[Collected data entries]

○ ○ ○ ○

(* Let $N = n+1\ge 3$ be odd and let $\boldsymbol{\lambda} = (\lambda_1,\dots,\lambda_N)\in\Lambda_N$. The upward-pointing inner normal vector of the lifted simplex $\Omega_\omega(G^{\mathbf{0}}_{\boldsymbol{\lambda}}) = \operatorname{conv}\{(\mathbf{a},\omega(\mathbf{a}))\mid \mathbf{a}\text{ a vertex of } G^{\mathbf{0}}_{\boldsymbol{\lambda}}\}\subset\mathbb{R}^{N}$ (normalized to have last coordinate $1$) is $\mathbf{x} = (x_1,\dots,x_N)$ where \[ x_k = \begin{cases} \sum_{i=1}^k \lambda_i & \text{if } k < N,\\ 1 & \text{if } k = N.\end{cases} \]
   Context: $\mathbf{e}_1,\dots,\mathbf{e}_n$ is the standard basis of $\mathbb{R}^n$, with $\mathbf{e}_0=\mathbf{e}_N=\mathbf{0}$. For odd $N$, $\Lambda_N = \bigcup_{j=1}^N\Lambda_{j,N}$ with $\Lambda_{j,N} = \{(\lambda_1,\dots,\lambda_N)\mid\lambda_j=0,\ \lambda_i\in\{-1,1\}\text{ for }i\neq j,\ \sum_i\lambda_i=0\}$, and for $\boldsymbol{\lambda}\in\Lambda_{j,N}$, $G^{\mathbf{0}}_{\boldsymbol{\lambda}} = \operatorname{conv}(\{\mathbf{0}\}\cup\{\lambda_i(\mathbf{e}_{i-1}-\mathbf{e}_i)\mid 1\le i\le N,\ i\ne j\})$. The height function is $\omega(\mathbf{0})=0$ and $\omega(\mathbf{a})=1$ for $\mathbf{a}\ne\mathbf{0}$. These simplices are the lower facets of the lifted adjacency polytope $\operatorname{conv}\{(\mathbf{a},\omega(\mathbf{a}))\mid \mathbf{a}\in\{\mathbf{0}\}\cup\{\mathbf{e}_i-\mathbf{e}_j\mid\{i,j\}\text{ an edge of the cycle } C_N\}\}$, and "upward-pointing inner normal" refers to this lifted polytope (upward-pointing meaning positive last coordinate). *)

theory Defs
  imports Complex_Main
begin

text \<open>Points of R^m are modelled as functions nat => real whose coordinates are
  indexed by 1..m (other coordinates are 0).  Here N = n+1, points of R^n use
  coordinates 1..N-1, and lifted points in R^N use coordinate N for the height.\<close>

definition conv :: "(nat \<Rightarrow> real) set \<Rightarrow> (nat \<Rightarrow> real) set" where
  "conv S = {p. \<exists>F u. finite F \<and> F \<subseteq> S \<and> F \<noteq> {} \<and> (\<forall>v\<in>F. u v \<ge> 0)
              \<and> sum u F = 1 \<and> p = (\<lambda>k. \<Sum>v\<in>F. u v * v k)}"

text \<open>Standard basis vector e_i of R^n (n = N-1); e_0 = e_N = 0.\<close>
definition ebas :: "nat \<Rightarrow> nat \<Rightarrow> nat \<Rightarrow> real" where
  "ebas N i = (\<lambda>k. if k = i \<and> 1 \<le> i \<and> i \<le> N - 1 then 1 else 0)"
lemma sqnorm_add_scaled:
  assumes "f \<in> H" "g \<in> H"
  shows "sqnorm (\<lambda>t. f t + a * g t) = sqnorm f + 2 * Re (cnj a * ip f g) + (cmod a)^2 * sqnorm g"
proof -
  have "ip (\<lambda>t. f t + a * g t) (\<lambda>t. f t + a * g t)
      = ip f f + cnj a * ip f g + cnj (cnj a * ip f g) + (a * cnj a) * ip g g"
    using assms add_scaled_in by (simp add: ip_add_scaled ip_add_scaled_right ip_cnj[of f g] algebra_simps)
  moreover have "a * cnj a = complex_of_real ((cmod a)^2)" using complex_norm_square[of a] by simp
  ultimately show ?thesis
    unfolding sqnorm_def using assms by (simp add: ip_self)
qed

lemma sqnorm_scale: "f \<in> H \<Longrightarrow> sqnorm (\<lambda>t. c * f t) = (cmod c)^2 * sqnorm f"
  using sqnorm_add_scaled[of "\<lambda>t. 0" f c] zero_in ip_zero_left by (simp add: sqnorm_def)

lemma sqnorm_diff:
  "f \<in> H \<Longrightarrow> g \<in> H \<Longrightarrow> sqnorm (\<lambda>t. f t - g t) = sqnorm f + sqnorm g - 2 * Re (ip f g)"
  using sqnorm_add_scaled[of f g "-1"] by simp

text \<open>Cauchy-Schwarz, from |f + a g|^2 >= 0 with a = -(f,g)/|g|^2.\<close>

lemma cauchy_schwarz:
  assumes f: "f \<in> H" and g: "g \<in> H"
  shows "(cmod (ip f g))^2 \<le> sqnorm f * sqnorm g"
proof (cases "sqnorm g = 0")
  case True
  then show ?thesis using sqnorm_eq_0 g ip_zero_right f sqnorm_nonneg by simp
next
  case False
  then have gpos: "sqnorm g > 0" using sqnorm_nonneg g by force
  define a where "a = - ip f g / complex_of_real (sqnorm g)"
  have "cnj a * ip f g = - complex_of_real ((cmod (ip f g))^2 / sqnorm g)"
    unfolding a_def using complex_norm_square[of "ip f g"] by (simp add: mult.commute)
  then have "Re (cnj a * ip f g) = - ((cmod (ip f g))^2 / sqnorm g)" by simp
  moreover have "(cmod a)^2 * sqnorm g = (cmod (ip f g))^2 / sqnorm g"
    unfolding a_def using gpos by (simp add: norm_divide power_divide power2_eq_square)
  ultimately have "sqnorm (\<lambda>t. f t + a * g t) = sqnorm f - (cmod (ip f g))^2 / sqnorm g"
    using sqnorm_add_scaled[OF f g, of a] by simp
  moreover have "0 \<le> sqnorm (\<lambda>t. f t + a * g t)" using sqnorm_nonneg add_scaled_in f g by blast
  ultimately show ?thesis using gpos by (simp add: field_simps) (smt (verit) mult_nonneg_nonneg)
qed
lemma nn_integral_exp_dist_memoryless:
  fixes f :: "real \<Rightarrow> ennreal"
  assumes x: "0 \<le> x" and [measurable]: "f \<in> borel_measurable borel"
  shows "(\<integral>\<^sup>+y. (if x < y then f y else 0) \<partial>exp_dist b)
    = ennreal (exp (- x * b)) * (\<integral>\<^sup>+v. f (x + v) \<partial>exp_dist b)"
proof -
  have "(\<integral>\<^sup>+y. (if x < y then f y else 0) \<partial>exp_dist b)
      = (\<integral>\<^sup>+v. ennreal (exponential_density b (x + 1 * v)) * (if x < x + 1 * v then f (x + 1 * v) else 0) \<partial>lborel)"
    using nn_integral_real_affine[of "\<lambda>y. ennreal (exponential_density b y) * (if x < y then f y else 0)" 1 x]
    by (simp add: nn_integral_exp_dist)
  also have "\<dots> = (\<integral>\<^sup>+v. ennreal (exp (- x * b)) * (ennreal (exponential_density b v) * f (x + v)) \<partial>lborel)"
  proof (rule nn_integral_cong_AE)
    show "AE v in lborel. ennreal (exponential_density b (x + 1 * v)) * (if x < x + 1 * v then f (x + 1 * v) else 0)
        = ennreal (exp (- x * b)) * (ennreal (exponential_density b v) * f (x + v))"
      using AE_lborel_singleton[of 0]
    proof eventually_elim
      case (elim v)
      then show ?case
        using exponential_density_shift[OF x, of v b]
        by (cases "0 < v") (simp_all add: ennreal_mult' mult.assoc erlang_density_def)
    qed
  qed
  also have "\<dots> = ennreal (exp (- x * b)) * (\<integral>\<^sup>+v. f (x + v) \<partial>exp_dist b)"
    by (simp add: nn_integral_cmult nn_integral_exp_dist)
  finally show ?thesis .
qed

lemma nn_integral_exp_race_first:
  fixes g :: "real \<Rightarrow> real \<Rightarrow> ennreal"
  assumes a: "0 < a" and b: "0 < b"
    and [measurable]: "case_prod g \<in> borel_measurable (borel \<Otimes>\<^sub>M borel)"
  shows "(\<integral>\<^sup>+x. \<integral>\<^sup>+y. (if x < y then g x y else 0) \<partial>exp_dist b \<partial>exp_dist a)
    = ennreal (a / (a + b)) * (\<integral>\<^sup>+u. \<integral>\<^sup>+v. g u (u + v) \<partial>exp_dist b \<partial>exp_dist (a + b))"
proof -
  interpret B: prob_space "exp_dist b"
    using b by (rule prob_space_exp_dist)
  have "(\<lambda>(x, y). if x < y then g x y else 0) \<in> borel_measurable (borel \<Otimes>\<^sub>M exp_dist b)"
    by measurable
  then have [measurable]: "(\<lambda>x. \<integral>\<^sup>+y. (if x < y then g x y else 0) \<partial>exp_dist b) \<in> borel_measurable borel"
    by (rule B.borel_measurable_nn_integral)
  have "ennreal (exponential_density a x) * (\<integral>\<^sup>+y. (if x < y then g x y else 0) \<partial>exp_dist b)
      = ennreal (a / (a + b)) * (ennreal (exponential_density (a + b) x) * (\<integral>\<^sup>+v. g x (x + v) \<partial>exp_dist b))" for x
  proof (cases "0 \<le> x")
    case True
    have "ennreal (exponential_density a x) * ennreal (exp (- x * b))
        = ennreal (a / (a + b)) * ennreal (exponential_density (a + b) x)"
      using exponential_density_times_exp[OF a b, of x] a b True
      by (simp add: ennreal_mult'[symmetric] ennreal_mult[symmetric])
    then show ?thesis
      using True by (simp add: nn_integral_exp_dist_memoryless mult.assoc[symmetric])
  qed (simp add: erlang_density_def)
  then show ?thesis
    by (simp add: nn_integral_exp_dist nn_integral_cmult)
qed

text \<open>Of two independent exponential times with rates \<open>a\<close> and \<open>b\<close>, the first one is
  \<open>Exp(a + b)\<close>, it is the first with probability \<open>a / (a + b)\<close> independently of its value,
  and by memorylessness the other one exceeds it by a fresh exponential time.\<close>
lemma nn_integral_exp_race:
  fixes g :: "real \<Rightarrow> real \<Rightarrow> ennreal"
  assumes a: "0 < a" and b: "0 < b"
    and [measurable]: "case_prod g \<in> borel_measurable (borel \<Otimes>\<^sub>M borel)"
  shows "(\<integral>\<^sup>+x. \<integral>\<^sup>+y. g x y \<partial>exp_dist b \<partial>exp_dist a)
    = ennreal (a / (a + b)) * (\<integral>\<^sup>+u. \<integral>\<^sup>+v. g u (u + v) \<partial>exp_dist b \<partial>exp_dist (a + b))
    + ennreal (b / (a + b)) * (\<integral>\<^sup>+u. \<integral>\<^sup>+v. g (u + v) u \<partial>exp_dist a \<partial>exp_dist (a + b))"
proof -
  interpret A: prob_space "exp_dist a"
    using a by (rule prob_space_exp_dist)
  interpret B: prob_space "exp_dist b"
    using b by (rule prob_space_exp_dist)
  interpret AB: pair_sigma_finite "exp_dist a" "exp_dist b"
    by unfold_locales
  have "(\<integral>\<^sup>+y. g x y \<partial>exp_dist b)
      = (\<integral>\<^sup>+y. (if x < y then g x y else 0) + (if y < x then g x y else 0) \<partial>exp_dist b)" for x
    by (rule nn_integral_cong_AE) (use AE_exp_dist_neq[where b = b and x = x] in \<open>auto elim!: eventually_mono\<close>)
  then have "(\<integral>\<^sup>+x. \<integral>\<^sup>+y. g x y \<partial>exp_dist b \<partial>exp_dist a)
     = (\<integral>\<^sup>+x. \<integral>\<^sup>+y. (if x < y then g x y else 0) \<partial>exp_dist b \<partial>exp_dist a)
     + (\<integral>\<^sup>+x. \<integral>\<^sup>+y. (if y < x then g x y else 0) \<partial>exp_dist b \<partial>exp_dist a)"
    by (simp add: nn_integral_add)
  also have "(\<integral>\<^sup>+x. \<integral>\<^sup>+y. (if y < x then g x y else 0) \<partial>exp_dist b \<partial>exp_dist a)
     = (\<integral>\<^sup>+y. \<integral>\<^sup>+x. (if y < x then g x y else 0) \<partial>exp_dist a \<partial>exp_dist b)"
    by (rule AB.Fubini'[symmetric]) measurable
  also have "\<dots> = ennreal (b / (b + a)) * (\<integral>\<^sup>+u. \<integral>\<^sup>+v. g (u + v) u \<partial>exp_dist a \<partial>exp_dist (b + a))"
    by (rule nn_integral_exp_race_first[OF b a]) measurable
  also note nn_integral_exp_race_first[OF a b]
  finally show ?thesis
    by (simp add: add.commute)
qed

lemma (in pair_sigma_finite) AE_pair_measure_marginals:
  assumes "AE x in M1. P x" "AE y in M2. Q y"
  shows "AE w in M1 \<Otimes>\<^sub>M M2. P (fst w) \<and> Q (snd w)"
proof -
  obtain N1 where N1: "{x \<in> space M1. \<not> P x} \<subseteq> N1" "emeasure M1 N1 = 0" "N1 \<in> sets M1"
    using assms(1) by (rule AE_E)
  obtain N2 where N2: "{y \<in> space M2. \<not> Q y} \<subseteq> N2" "emeasure M2 N2 = 0" "N2 \<in> sets M2"
    using assms(2) by (rule AE_E)
  have "N1 \<times> space M2 \<in> null_sets (M1 \<Otimes>\<^sub>M M2)"
    using M2.emeasure_pair_measure_Times[OF N1(3) sets.top] N1(2)
    by (simp add: null_sets_def pair_measureI[OF N1(3) sets.top])
  moreover have "space M1 \<times> N2 \<in> null_sets (M1 \<Otimes>\<^sub>M M2)"
    using M2.emeasure_pair_measure_Times[OF sets.top N2(3)] N2(2)
    by (simp add: null_sets_def pair_measureI[OF sets.top N2(3)])
  ultimately have "N1 \<times> space M2 \<union> space M1 \<times> N2 \<in> null_sets (M1 \<Otimes>\<^sub>M M2)"
    by (rule null_sets.Un)
  then show ?thesis
    by (rule AE_I') (use N1(1) N2(1) in \<open>auto simp: space_pair_measure\<close>)
qed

○ ○ ○ ○

**WORK ITEM**
From the records above, return each line that includes "obtain".

**FINAL ANSWER**
  obtain N1 where N1: "{x \<in> space M1. \<not> P x} \<subseteq> N1" "emeasure M1 N1 = 0" "N1 \<in> sets M1"
  obtain N2 where N2: "{y \<in> space M2. \<not> Q y} \<subseteq> N2" "emeasure M2 N2 = 0" "N2 \<in> sets M2"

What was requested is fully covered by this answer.